*Saved entries*:
•••••

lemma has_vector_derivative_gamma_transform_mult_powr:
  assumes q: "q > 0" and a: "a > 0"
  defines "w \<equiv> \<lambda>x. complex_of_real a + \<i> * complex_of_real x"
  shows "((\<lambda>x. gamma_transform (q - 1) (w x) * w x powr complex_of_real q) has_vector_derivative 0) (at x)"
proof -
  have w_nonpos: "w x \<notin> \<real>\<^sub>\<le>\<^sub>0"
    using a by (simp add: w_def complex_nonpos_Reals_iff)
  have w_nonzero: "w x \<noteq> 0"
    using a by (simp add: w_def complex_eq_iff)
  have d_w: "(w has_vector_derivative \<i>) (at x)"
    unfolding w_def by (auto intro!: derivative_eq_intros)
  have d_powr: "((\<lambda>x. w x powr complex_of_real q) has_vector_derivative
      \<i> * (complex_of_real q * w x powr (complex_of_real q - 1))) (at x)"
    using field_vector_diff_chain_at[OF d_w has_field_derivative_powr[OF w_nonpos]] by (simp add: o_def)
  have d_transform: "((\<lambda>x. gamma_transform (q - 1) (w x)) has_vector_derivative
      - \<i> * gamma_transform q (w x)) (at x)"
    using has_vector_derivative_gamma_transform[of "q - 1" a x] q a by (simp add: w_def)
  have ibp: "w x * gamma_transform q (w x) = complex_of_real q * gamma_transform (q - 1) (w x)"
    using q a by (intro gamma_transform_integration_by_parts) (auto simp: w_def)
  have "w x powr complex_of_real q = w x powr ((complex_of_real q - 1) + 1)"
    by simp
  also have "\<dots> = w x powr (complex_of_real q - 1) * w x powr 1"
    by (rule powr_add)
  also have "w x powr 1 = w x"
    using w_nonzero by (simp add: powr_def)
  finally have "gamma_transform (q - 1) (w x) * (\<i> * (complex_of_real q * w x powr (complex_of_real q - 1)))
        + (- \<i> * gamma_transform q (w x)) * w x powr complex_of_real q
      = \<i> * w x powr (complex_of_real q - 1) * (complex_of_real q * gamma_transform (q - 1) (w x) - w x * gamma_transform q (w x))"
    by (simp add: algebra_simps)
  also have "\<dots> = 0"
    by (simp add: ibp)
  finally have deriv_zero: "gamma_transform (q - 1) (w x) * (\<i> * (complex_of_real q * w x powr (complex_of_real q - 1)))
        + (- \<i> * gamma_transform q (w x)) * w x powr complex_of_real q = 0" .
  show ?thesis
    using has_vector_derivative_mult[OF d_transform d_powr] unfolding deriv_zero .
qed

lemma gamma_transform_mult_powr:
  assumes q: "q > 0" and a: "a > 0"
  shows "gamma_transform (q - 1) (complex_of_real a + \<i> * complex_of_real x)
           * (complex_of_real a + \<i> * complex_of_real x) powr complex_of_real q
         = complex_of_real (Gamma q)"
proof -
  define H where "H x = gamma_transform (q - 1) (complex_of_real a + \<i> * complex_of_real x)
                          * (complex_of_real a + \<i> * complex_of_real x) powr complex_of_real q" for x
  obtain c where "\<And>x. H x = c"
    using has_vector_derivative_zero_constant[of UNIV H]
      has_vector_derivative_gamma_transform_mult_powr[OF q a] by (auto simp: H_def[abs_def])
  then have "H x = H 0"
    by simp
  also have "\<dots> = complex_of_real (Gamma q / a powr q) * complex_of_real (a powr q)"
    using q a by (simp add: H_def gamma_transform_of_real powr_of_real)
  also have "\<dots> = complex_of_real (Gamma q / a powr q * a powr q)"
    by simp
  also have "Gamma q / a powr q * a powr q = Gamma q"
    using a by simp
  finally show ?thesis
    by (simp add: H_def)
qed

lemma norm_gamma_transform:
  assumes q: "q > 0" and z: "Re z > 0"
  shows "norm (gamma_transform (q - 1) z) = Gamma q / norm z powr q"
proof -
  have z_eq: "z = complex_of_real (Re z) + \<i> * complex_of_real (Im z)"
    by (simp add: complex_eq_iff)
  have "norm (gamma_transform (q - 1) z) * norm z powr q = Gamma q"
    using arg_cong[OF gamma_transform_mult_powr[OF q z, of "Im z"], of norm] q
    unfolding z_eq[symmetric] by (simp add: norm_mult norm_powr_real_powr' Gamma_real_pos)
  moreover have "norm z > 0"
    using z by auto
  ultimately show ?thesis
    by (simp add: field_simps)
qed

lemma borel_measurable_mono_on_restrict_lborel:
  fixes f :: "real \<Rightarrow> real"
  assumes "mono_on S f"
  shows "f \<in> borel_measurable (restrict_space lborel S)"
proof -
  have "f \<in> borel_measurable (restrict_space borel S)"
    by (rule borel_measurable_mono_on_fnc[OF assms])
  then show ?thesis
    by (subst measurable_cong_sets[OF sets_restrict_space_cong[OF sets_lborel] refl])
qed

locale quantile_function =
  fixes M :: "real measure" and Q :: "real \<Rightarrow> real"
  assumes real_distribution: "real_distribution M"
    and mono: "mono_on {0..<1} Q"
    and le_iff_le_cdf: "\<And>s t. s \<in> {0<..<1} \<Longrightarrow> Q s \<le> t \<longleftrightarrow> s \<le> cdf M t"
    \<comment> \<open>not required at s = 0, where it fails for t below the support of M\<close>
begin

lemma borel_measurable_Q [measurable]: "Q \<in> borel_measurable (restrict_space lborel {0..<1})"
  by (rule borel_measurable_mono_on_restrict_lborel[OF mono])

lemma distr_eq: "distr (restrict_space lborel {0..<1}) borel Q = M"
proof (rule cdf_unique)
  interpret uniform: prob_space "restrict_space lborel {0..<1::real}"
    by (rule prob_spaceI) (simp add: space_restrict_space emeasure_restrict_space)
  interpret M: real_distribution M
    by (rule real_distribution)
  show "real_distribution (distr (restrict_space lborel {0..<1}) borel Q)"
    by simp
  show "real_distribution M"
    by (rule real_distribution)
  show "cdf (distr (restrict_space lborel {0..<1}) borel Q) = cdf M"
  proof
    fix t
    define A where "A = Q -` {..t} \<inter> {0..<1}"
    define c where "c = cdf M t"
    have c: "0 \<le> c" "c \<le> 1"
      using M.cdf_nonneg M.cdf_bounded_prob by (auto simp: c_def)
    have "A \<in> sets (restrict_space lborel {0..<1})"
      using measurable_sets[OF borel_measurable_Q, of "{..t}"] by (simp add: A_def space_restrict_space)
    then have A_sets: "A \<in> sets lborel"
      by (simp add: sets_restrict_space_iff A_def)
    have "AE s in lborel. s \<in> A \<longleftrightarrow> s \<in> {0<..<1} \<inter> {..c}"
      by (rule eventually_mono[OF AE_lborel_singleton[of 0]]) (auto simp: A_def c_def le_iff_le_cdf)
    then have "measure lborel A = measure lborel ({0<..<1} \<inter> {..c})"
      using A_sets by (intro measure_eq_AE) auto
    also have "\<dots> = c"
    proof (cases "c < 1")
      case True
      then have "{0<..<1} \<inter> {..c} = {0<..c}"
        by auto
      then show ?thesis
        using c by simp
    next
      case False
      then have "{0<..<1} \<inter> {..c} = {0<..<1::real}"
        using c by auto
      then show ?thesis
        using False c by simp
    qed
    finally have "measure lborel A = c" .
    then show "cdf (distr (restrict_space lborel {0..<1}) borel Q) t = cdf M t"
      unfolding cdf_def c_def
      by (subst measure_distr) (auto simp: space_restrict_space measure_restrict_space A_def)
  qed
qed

•••••

*WHAT IS REQUIRED*:
If the string "rule" appears in a line of the entries, report the line.

*ANSWER SPACE*:
    by (rule powr_add)
    by (rule borel_measurable_mono_on_fnc[OF assms])
  by (rule borel_measurable_mono_on_restrict_lborel[OF mono])
proof (rule cdf_unique)
    by (rule prob_spaceI) (simp add: space_restrict_space emeasure_restrict_space)
    by (rule real_distribution)
    by (rule real_distribution)
      by (rule eventually_mono[OF AE_lborel_singleton[of 0]]) (auto simp: A_def c_def le_iff_le_cdf)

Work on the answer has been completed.